Interactive Analysis of Static, Dynamic, and Crystalline SDTrimSP Simulations: Application to Nitrogen Ion Implantation into Vanadium

TL;DR

This paper introduces a web-based visualization and analysis platform for SDTrimSP simulations, enhancing post-processing, comparison, and input preparation for ion implantation studies, demonstrated on nitrogen implantation into vanadium.

Contribution

A novel web interface that improves SDTrimSP simulation analysis, comparison, and input setup, especially for crystalline targets, with real-world application to nitrogen ion implantation into vanadium.

Findings

Demonstrated fluence-dependent saturation effects.

Observed orientation-dependent ion channeling behavior.

Enabled efficient comparison of static and dynamic profiles.

Abstract

SDTrimSP is a widely used Monte Carlo simulation code based on the Binary Collision Approximation (BCA) for modeling ion implantation and ion-solid interaction processes.

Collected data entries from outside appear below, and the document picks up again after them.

lemma Zg_rational_holomorphic:
  assumes "\<nu> > 0"
  shows "Zg_rational P \<nu> g holomorphic_on ball 0 1"
proof -
  have "of_nat \<nu> - (of_nat \<nu> - 1) * z \<noteq> (0::complex)" if "z \<in> ball 0 1" for z
  proof -
    have "(of_nat \<nu> - 1 :: complex) = of_nat (\<nu> - 1)"
      using assms by (simp add: of_nat_diff)
    then have "norm (of_nat \<nu> - 1 :: complex) = real \<nu> - 1"
      using assms by (simp only: norm_of_nat)
    then have "norm ((of_nat \<nu> - 1) * z) \<le> real \<nu> - 1"
      using assms that by (simp add: norm_mult mult_left_le dist_norm)
    then show ?thesis
      using norm_diff_ineq[of "of_nat \<nu>" "(of_nat \<nu> - 1) * z :: complex"] by auto
  qed
  then show ?thesis
    unfolding Zg_rational_def by (cases "g = 0") (simp_all add: holomorphic_on_ident, intro holomorphic_intros, auto)
qed

text \<open>With W = Z_0(y)/\<epsilon> the equation defining Z_0 becomes (1 - W^\<nu>)/W = \<epsilon>, so W is the
  local inverse of w \<mapsto> (1 - w^\<nu>)/w at w = 1 evaluated at \<epsilon>, and Z_g(y) = R(\<epsilon> W(\<epsilon>)) is
  holomorphic in \<epsilon> near 0.\<close>
lemma Zg_powser_in_eps:
  assumes "\<nu> > 0"
  obtains C :: "nat \<Rightarrow> real" and \<delta> where "\<delta> > 0" "C 0 = 0"
    "\<And>y e. y > 0 \<Longrightarrow> 0 < e \<Longrightarrow> e < \<delta> \<Longrightarrow> cnu \<nu> * y * e ^ \<nu> = 1 \<Longrightarrow>
       (\<lambda>k. C k * e ^ k) sums Zg P \<nu> g y"
proof -
  obtain r \<rho> inv where "r > 0" "\<rho> > 0" and hol_inv: "inv holomorphic_on ball 0 \<rho>"
    and inv: "\<And>w. w \<in> ball 1 r \<Longrightarrow> inv ((1 - w ^ \<nu>) / w) = w"
    using holomorphic_inverse_near_one[OF assms] by blast
  define h where "h e = e * inv e" for e
  have hol_h: "h holomorphic_on ball 0 \<rho>"
    unfolding h_def using hol_inv by (intro holomorphic_intros)
  have "open (h -` ball 0 1 \<inter> ball 0 \<rho>)"
    using holomorphic_on_imp_continuous_on[OF hol_h] by (simp add: continuous_on_open_vimage)
  moreover have "0 \<in> h -` ball 0 1 \<inter> ball 0 \<rho>"
    using \<open>\<rho> > 0\<close> by (simp add: h_def)
  ultimately obtain \<delta>0 where "\<delta>0 > 0" and \<delta>0: "ball 0 \<delta>0 \<subseteq> h -` ball 0 1 \<inter> ball 0 \<rho>"
    using open_contains_ball by blast
  define \<delta> where "\<delta> = min \<delta>0 r"
  define H where "H = Zg_rational P \<nu> g \<circ> h"
  have "H holomorphic_on ball 0 \<delta>"
    unfolding H_def using \<delta>0
    by (intro holomorphic_on_compose_gen[OF _ Zg_rational_holomorphic[OF assms]]
          holomorphic_on_subset[OF hol_h]) (auto simp: \<delta>_def)
  note powser = holomorphic_power_series[OF this]
  define C where "C k = Re ((deriv ^^ k) H 0 / fact k)" for k
  show thesis
  proof (rule that)
    show "\<delta> > 0" "C 0 = 0"
      using \<open>\<delta>0 > 0\<close> \<open>r > 0\<close> by (simp_all add: \<delta>_def C_def H_def h_def)
    fix y e :: real assume "y > 0" "0 < e" "e < \<delta>" "cnu \<nu> * y * e ^ \<nu> = 1"
    define W where "W = Z0 \<nu> y / e"
    have W: "(1 - W ^ \<nu>) / W = e" "\<bar>1 - W\<bar> \<le> e"
      unfolding W_def using assms \<open>y > 0\<close> \<open>e > 0\<close> \<open>cnu \<nu> * y * e ^ \<nu> = 1\<close> by (rule Z0_rescaled)+
    have "dist 1 (of_real W :: complex) = \<bar>1 - W\<bar>"
      by (metis dist_norm norm_of_real of_real_1 of_real_diff)
    then have "of_real W \<in> ball (1::complex) r"
      using W(2) \<open>e < \<delta>\<close> by (simp add: \<delta>_def)
    from inv[OF this] have "inv (of_real e) = of_real W"
      by (simp flip: W(1))
    moreover have "e * W = Z0 \<nu> y"
      using \<open>e > 0\<close> by (simp add: W_def)
    ultimately have H_e: "H (of_real e) = of_real (Zg P \<nu> g y)"
      by (simp add: H_def h_def Zg_rational_of_real flip: of_real_mult)
    have "(\<lambda>k. (deriv ^^ k) H 0 / fact k * of_real (e ^ k)) sums H (of_real e)"
      using powser[of "of_real e"] \<open>0 < e\<close> \<open>e < \<delta>\<close> by simp
    from sums_Re[OF this] have Re_sums: "(\<lambda>k. Re ((deriv ^^ k) H 0 / fact k * of_real (e ^ k))) sums Zg P \<nu> g y"
      by (simp only: H_e Re_complex_of_real)
    have Re_mult: "Re z * x = Re (z * of_real x)" for z x
      by simp
    show "(\<lambda>k. C k * e ^ k) sums Zg P \<nu> g y"
      unfolding C_def Re_mult by (fact Re_sums)
  qed
qed

lemma Zg_expansion_exists:
  assumes "\<nu> \<ge> 2" "\<gamma> > 0"
  obtains a where "\<forall>i<\<nu> - 1. a i = 0"
    "eventually (\<lambda>n. (\<lambda>i. a i * inv_nroot \<nu> n ^ i) sums Zg P \<nu> g (\<gamma> * real n ^ (\<nu> - 1))) sequentially"
proof -
  have "\<nu> > 0"
    using assms by simp
  obtain \<delta> and C :: "nat \<Rightarrow> real" where "\<delta> > 0" "C 0 = 0" and sums:
    "\<And>y e. y > 0 \<Longrightarrow> 0 < e \<Longrightarrow> e < \<delta> \<Longrightarrow> cnu \<nu> * y * e ^ \<nu> = 1 \<Longrightarrow> (\<lambda>k. C k * e ^ k) sums Zg P \<nu> g y"
    by (rule Zg_powser_in_eps[OF \<open>\<nu> > 0\<close>, of P g]) (rule that)
  define \<kappa> where "\<kappa> = (cnu \<nu> * \<gamma>) powr (- 1 / real \<nu>)"
  have "cnu \<nu> > 0"
    by (simp add: cnu_def)
  then have "cnu \<nu> * \<gamma> > 0" "\<kappa> > 0"
    using \<open>\<gamma> > 0\<close> by (simp_all add: \<kappa>_def)
  have "\<kappa> ^ \<nu> = (cnu \<nu> * \<gamma>) powr (real \<nu> * (- 1 / real \<nu>))"
    unfolding \<kappa>_def by (rule powr_power) (use \<open>cnu \<nu> * \<gamma> > 0\<close> in linarith)
  also have "\<dots> = 1 / (cnu \<nu> * \<gamma>)"
    using assms \<open>cnu \<nu> * \<gamma> > 0\<close> by (simp add: powr_minus_divide)
  finally have \<kappa>_pow: "\<kappa> ^ \<nu> = 1 / (cnu \<nu> * \<gamma>)" .
  \<comment> \<open>the parameter \<epsilon> of Zg_powser_in_eps for y = \<gamma> n^(\<nu>-1)\<close>
  define e where "e n = \<kappa> * inv_nroot \<nu> n ^ (\<nu> - 1)" for n
  have "e \<longlonglongrightarrow> \<kappa> * 0 ^ (\<nu> - 1)"
    unfolding e_def using assms by (intro tendsto_intros inv_nroot_tendsto_0) auto
  then have "eventually (\<lambda>n. e n < \<delta>) sequentially"
    using assms \<open>\<delta> > 0\<close> by (intro order_tendstoD(2)) (auto simp: zero_power)
  have "\<nu> - 1 > 0"
    using assms by simp
  define a where "a i = (if (\<nu> - 1) dvd i then C (i div (\<nu> - 1)) * \<kappa> ^ (i div (\<nu> - 1)) else 0)" for i
  show thesis
  proof (rule that)
    show "\<forall>i<\<nu> - 1. a i = 0"
      using \<open>C 0 = 0\<close> by (auto simp: a_def nat_dvd_not_less)
    show "eventually (\<lambda>n. (\<lambda>i. a i * inv_nroot \<nu> n ^ i) sums Zg P \<nu> g (\<gamma> * real n ^ (\<nu> - 1))) sequentially"
      using \<open>eventually (\<lambda>n. e n < \<delta>) sequentially\<close> eventually_gt_at_top[of 0]
    proof eventually_elim
      case (elim n)
      have "e n ^ \<nu> = \<kappa> ^ \<nu> * inv_nroot \<nu> n ^ (\<nu> * (\<nu> - 1))"
        by (simp add: e_def power_mult_distrib mult.commute flip: power_mult)
      then have "cnu \<nu> * (\<gamma> * real n ^ (\<nu> - 1)) * e n ^ \<nu> = 1"
        using elim assms \<open>cnu \<nu> > 0\<close> by (simp add: \<kappa>_pow power_inv_nroot_mult)
      moreover have "e n > 0"
        using elim \<open>\<kappa> > 0\<close> by (simp add: e_def inv_nroot_pos)
      ultimately have "(\<lambda>k. C k * (\<kappa> * inv_nroot \<nu> n ^ (\<nu> - 1)) ^ k) sums Zg P \<nu> g (\<gamma> * real n ^ (\<nu> - 1))"
        using sums[of "\<gamma> * real n ^ (\<nu> - 1)" "e n"] elim \<open>\<gamma> > 0\<close> by (simp add: e_def)
      then show ?case
        unfolding a_def by (rule sums_powser_subst_monomial[OF \<open>\<nu> - 1 > 0\<close>])
    qed
  qed
qed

While an established graphical user interface (GUI) exists for simulation setup and execution, efficient post-processing, comparison of multiple simulations, and preparation of specific input file parameters remain limited. In this work, we present a web-based interface (sdtrimsp.streamlit.app) that complements existing SDTrimSP tools by focusing on interactive visualization and analysis of depth distribution profiles. The platform enables direct upload and comparison of static and fluence-dependent dynamic profiles, supports unit conversion, and provides an integrated calculator for determining the adjustable atomic density parameter of implanted ions required in dynamic simulations. In addition, the interface offers automated conversion of standard crystallographic file formats into the SDTrimSP-specific crystal structure input format for simulations into crystalline targets. The capabilities of the interface are demonstrated for nitrogen ion implantation into vanadium, including amorphous static and dynamic simulations and static crystalline simulations for different surface orientations. The results illustrate fluence-dependent saturation effects as well as orientation-dependent ion channeling behavior. Overall, the presented web-based tool provides a convenient and flexible extension to existing SDTrimSP workflows.